Product of Array Except Self - LeetCode 238 Solution in python

Product of Array Except Self medium

Problem Statement

Given an integer array nums, return an array answer such that answer[i] is equal to the product of all the elements of nums except nums[i].

The product of any prefix or suffix of nums is guaranteed to fit in a 32-bit integer.

You must write an algorithm that runs in O(n) time and without using the division operation.

Example 1:

Input: nums = [1,2,3,4] Output: [24,12,8,6] Explanation: The product of all the elements of nums except nums[0] is equal to 24. The product of all the elements except nums[1] is equal to 12 etc.

Example 2:

Input: nums = [-1,1,0,-3,3] Output: [0,0,9,0,0]

Steps to Solve:

The key idea is to avoid division. We can achieve this by calculating prefix and suffix products separately and then combining them.
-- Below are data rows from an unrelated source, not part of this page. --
definition pencil :: "('k \<Rightarrow> 'K::comm_ring_1) \<Rightarrow> ('n::finite \<Rightarrow> 'k^'m^'m) \<Rightarrow> 'K^'n \<Rightarrow> 'K^'m^'m" where
  "pencil \<sigma> A x = (\<chi> r c. \<Sum>i\<in>UNIV. x $ i * \<sigma> (A i $ r $ c))"

text \<open>The symmetroid X = Z(det A(x,.,.)), as set of (nonzero representatives of) K-points.\<close>
definition symmetroid :: "('k \<Rightarrow> 'K::field) \<Rightarrow> ('n::finite \<Rightarrow> 'k::comm_ring_1^'m::finite^'m) \<Rightarrow> ('K^'n) set" where
  "symmetroid \<sigma> A = {x. x \<noteq> 0 \<and> mpeval \<sigma> (det_poly A) x = 0}"

text \<open>The quadratic form y^T M y as a polynomial in y (this is psi-hat(x) for M = A(x,.,.)).\<close>
definition quadric_poly :: "'K::comm_ring_1^'m::finite^'m \<Rightarrow> ('m, 'K) mpoly" where
  "quadric_poly M = (\<Sum>r\<in>UNIV. \<Sum>c\<in>UNIV.
      Poly_Mapping.single (Poly_Mapping.single r 1 + Poly_Mapping.single c 1) (M $ r $ c))"

definition quadric_sing_point :: "'K::field^'m::finite^'m \<Rightarrow> 'K^'m \<Rightarrow> bool" where
  "quadric_sing_point M y \<longleftrightarrow> y \<noteq> 0 \<and> mpeval id (quadric_poly M) y = 0 \<and>
      (\<forall>j. mpderiv_eval id j (quadric_poly M) y = 0)"

definition singular_quadric :: "'K::field^'m::finite^'m \<Rightarrow> bool" where
  "singular_quadric M \<longleftrightarrow> (\<exists>y. quadric_sing_point M y)"

definition psi :: "('k \<Rightarrow> 'K::comm_ring_1) \<Rightarrow> ('n::finite \<Rightarrow> 'k^'m::finite^'m) \<Rightarrow> 'K^'m \<Rightarrow> 'K^'n" where
  "psi \<sigma> A y = (\<chi> i. \<Sum>r\<in>UNIV. \<Sum>c\<in>UNIV. y $ r * \<sigma> (A i $ r $ c) * y $ c)"

definition proj_eq :: "'K::field^'n \<Rightarrow> 'K^'n \<Rightarrow> bool" where
  "proj_eq u v \<longleftrightarrow> u \<noteq> 0 \<and> v \<noteq> 0 \<and> (\<exists>c. c \<noteq> 0 \<and> u = c *s v)"

end

theory Submission
  imports Defs
begin

text \<open>Let \<open>M = A(x)\<close> be singular with kernel vector y. Cramer's rule applied to the row
  relation \<open>y\<^sup>T M = 0\<close> shows that every row of cofactors of M is proportional to y; as the
  cofactors of a symmetric matrix are symmetric, the adjugate of M is \<open>s y y\<^sup>T\<close> for a scalar s.
  Jacobi's formula writes \<open>\<partial>\<^sub>i det A(x)\<close> as the sum over k of the determinants of M with
  row k replaced by row k of \<open>A\<^sub>i\<close>, that is \<open>tr (adj M A\<^sub>i) = s y\<^sup>T A\<^sub>i y = s \<psi>(y)\<^sub>i\<close>. At a smooth
  point the gradient is nonzero, so \<open>s \<noteq> 0\<close> and the tangent hyperplane is \<open>\<psi>(y)\<close>; a nonzero
  term of the sum also exhibits all but one rows of M as independent, so M has corank one.

  The other claims are linear algebra: when \<open>2 \<noteq> 0\<close> the singular points of the quadric
  \<open>y\<^sup>T M y\<close> are the kernel vectors of M, and \<open>y\<^sup>T A(x) y = \<Sum>\<^sub>i x\<^sub>i \<psi>(y)\<^sub>i\<close>, so \<open>\<psi>(y)\<close> is
  proportional to h iff y lies on every quadric \<open>y\<^sup>T A(x) y\<close> with \<open>x\<close> in the hyperplane \<open>h\<^sup>\<perp>\<close>.
  None of this uses the hypotheses that det A is reduced and irreducible, that the
  characteristic is not 3, or that K is an algebraic closure of k.\<close>

section \<open>Evaluation of multivariate polynomials\<close>

definition mon_eval :: "('v::finite \<Rightarrow>\<^sub>0 nat) \<Rightarrow> 'b::comm_ring_1^'v \<Rightarrow> 'b" where
  "mon_eval \<alpha> x = (\<Prod>i\<in>UNIV. x $ i ^ Poly_Mapping.lookup \<alpha> i)"

lemma mon_eval_zero [simp]: "mon_eval 0 x = 1"
  by (simp add: mon_eval_def)

lemma mon_eval_add: "mon_eval (\<alpha> + \<beta>) x = mon_eval \<alpha> x * mon_eval \<beta> x"
  by (simp add: mon_eval_def lookup_add power_add prod.distrib)

lemma mon_eval_single_1: "mon_eval (Poly_Mapping.single i 1) x = x $ i"
proof -
  have "mon_eval (Poly_Mapping.single i 1) x = (\<Prod>l\<in>UNIV. if l = i then x $ l else 1)"
    unfolding mon_eval_def by (rule prod.cong) (auto simp: lookup_single when_def)
  then show ?thesis by simp
qed

lemma mpeval_eq_sum_superset:
  assumes "\<tau> 0 = 0" "finite S" "Poly_Mapping.keys f \<subseteq> S"
  shows "mpeval \<tau> f x = (\<Sum>\<alpha>\<in>S. \<tau> (Poly_Mapping.lookup f \<alpha>) * mon_eval \<alpha> x)"
  unfolding mpeval_def mon_eval_def
  by (rule sum.mono_neutral_left) (use assms in \<open>auto simp: in_keys_iff\<close>)

lemma poly_mapping_sum_single_lookup:
  "f = (\<Sum>\<alpha>\<in>Poly_Mapping.keys f. Poly_Mapping.single \<alpha> (Poly_Mapping.lookup f \<alpha>))"
  by (rule poly_mapping_eqI) (auto simp: lookup_sum lookup_single when_def in_keys_iff)

locale comm_ring_hom =
  fixes \<tau> :: "'a::comm_ring_1 \<Rightarrow> 'b::comm_ring_1"
  assumes map_add: "\<tau> (a + b) = \<tau> a + \<tau> b"
    and map_mult: "\<tau> (a * b) = \<tau> a * \<tau> b"
    and map_one: "\<tau> 1 = 1"
begin

lemma map_zero [simp]: "\<tau> 0 = 0"
  using map_add[of 0 0] by simp

lemma map_of_nat: "\<tau> (of_nat n) = of_nat n"
  by (induction n) (simp_all add: map_add map_one)

lemma mpeval_zero [simp]: "mpeval \<tau> 0 x = 0"
  by (simp add: mpeval_def)

lemma mpeval_add: "mpeval \<tau> (f + g) x = mpeval \<tau> f x + mpeval \<tau> g x"
proof -
  let ?S = "Poly_Mapping.keys f \<union> Poly_Mapping.keys g"
  have "mpeval \<tau> (f + g) x = (\<Sum>\<alpha>\<in>?S. \<tau> (Poly_Mapping.lookup (f + g) \<alpha>) * mon_eval \<alpha> x)"
    by (rule mpeval_eq_sum_superset) (use keys_add[of f g] in auto)
  also have "\<dots> = (\<Sum>\<alpha>\<in>?S. \<tau> (Poly_Mapping.lookup f \<alpha>) * mon_eval \<alpha> x)
      + (\<Sum>\<alpha>\<in>?S. \<tau> (Poly_Mapping.lookup g \<alpha>) * mon_eval \<alpha> x)"
    by (simp add: lookup_add map_add distrib_right sum.distrib)
  also have "\<dots> = mpeval \<tau> f x + mpeval \<tau> g x"
    using mpeval_eq_sum_superset[of \<tau> ?S f x] mpeval_eq_sum_superset[of \<tau> ?S g x] by simp
  finally show ?thesis .
qed

lemma mpeval_uminus: "mpeval \<tau> (- f) x = - mpeval \<tau> f x"
  using mpeval_add[of f "- f" x] minus_unique[of "mpeval \<tau> f x"] by simp

lemma mpeval_sum: "mpeval \<tau> (\<Sum>i\<in>I. f i) x = (\<Sum>i\<in>I. mpeval \<tau> (f i) x)"
  by (induction I rule: infinite_finite_induct) (auto simp: mpeval_add)

lemma mpeval_single: "mpeval \<tau> (Poly_Mapping.single \<alpha> c) x = \<tau> c * mon_eval \<alpha> x"
  by (subst mpeval_eq_sum_superset[where S = "{\<alpha>}"]) auto

lemma mpeval_one [simp]: "mpeval \<tau> 1 x = 1"
  using mpeval_single[of 0 1 x] by (simp add: map_one)

lemma mpeval_mult: "mpeval \<tau> (f * g) x = mpeval \<tau> f x * mpeval \<tau> g x"
proof -
  have "f * g = (\<Sum>\<alpha>\<in>Poly_Mapping.keys f. \<Sum>\<beta>\<in>Poly_Mapping.keys g.
      Poly_Mapping.single (\<alpha> + \<beta>) (Poly_Mapping.lookup f \<alpha> * Poly_Mapping.lookup g \<beta>))"
    by (subst poly_mapping_sum_single_lookup[of f], subst poly_mapping_sum_single_lookup[of g])
      (simp add: sum_product mult_single)
  then have "mpeval \<tau> (f * g) x = (\<Sum>\<alpha>\<in>Poly_Mapping.keys f. \<Sum>\<beta>\<in>Poly_Mapping.keys g.
      \<tau> (Poly_Mapping.lookup f \<alpha>) * mon_eval \<alpha> x * (\<tau> (Poly_Mapping.lookup g \<beta>) * mon_eval \<beta> x))"
    by (simp add: mpeval_sum mpeval_single map_mult mon_eval_add ac_simps)
  also have "\<dots> = mpeval \<tau> f x * mpeval \<tau> g x"
    by (simp add: sum_product mpeval_def mon_eval_def)
  finally show ?thesis .
qed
Initialize: Create two arrays, prefix_products and suffix_products, both of the same size as nums. Initialize prefix_products[0] to 1 and suffix_products[len(nums)-1] to 1.
Calculate Prefix Products: Iterate through nums from left to right. For each index i, prefix_products[i] will store the product of all elements from nums[0] to nums[i-1].
Calculate Suffix Products: Iterate through nums from right to left. For each index i, suffix_products[i] will store the product of all elements from nums[i+1] to nums[len(nums)-1].
Combine: Iterate through nums and for each index i, answer[i] will be the product of prefix_products[i] and suffix_products[i].

Explanation:

This approach works because for each element nums[i], we are essentially multiplying all the elements before it (prefix_products[i]) and all the elements after it (suffix_products[i]). This gives us the product of all elements except nums[i]. The use of prefix and suffix arrays avoids the need for division.

Code (Python):

def productExceptSelf(nums):
    n = len(nums)
    prefix_products = [1] * n
    suffix_products = [1] * n
    answer = [1] * n

    # Calculate prefix products
    for i in range(1, n):
        prefix_products[i] = prefix_products[i-1] * nums[i-1]

    # Calculate suffix products
    for i in range(n-2, -1, -1):
        suffix_products[i] = suffix_products[i+1] * nums[i+1]

    # Combine prefix and suffix products
    for i in range(n):
        answer[i] = prefix_products[i] * suffix_products[i]

    return answer

Complexity:

Time Complexity: O(n) - We iterate through the nums array three times.
Space Complexity: O(n) - We use three arrays of size n (prefix_products, suffix_products, answer). We could optimize space to O(1) by directly writing the result into the answer array, but this makes the code a bit harder to understand.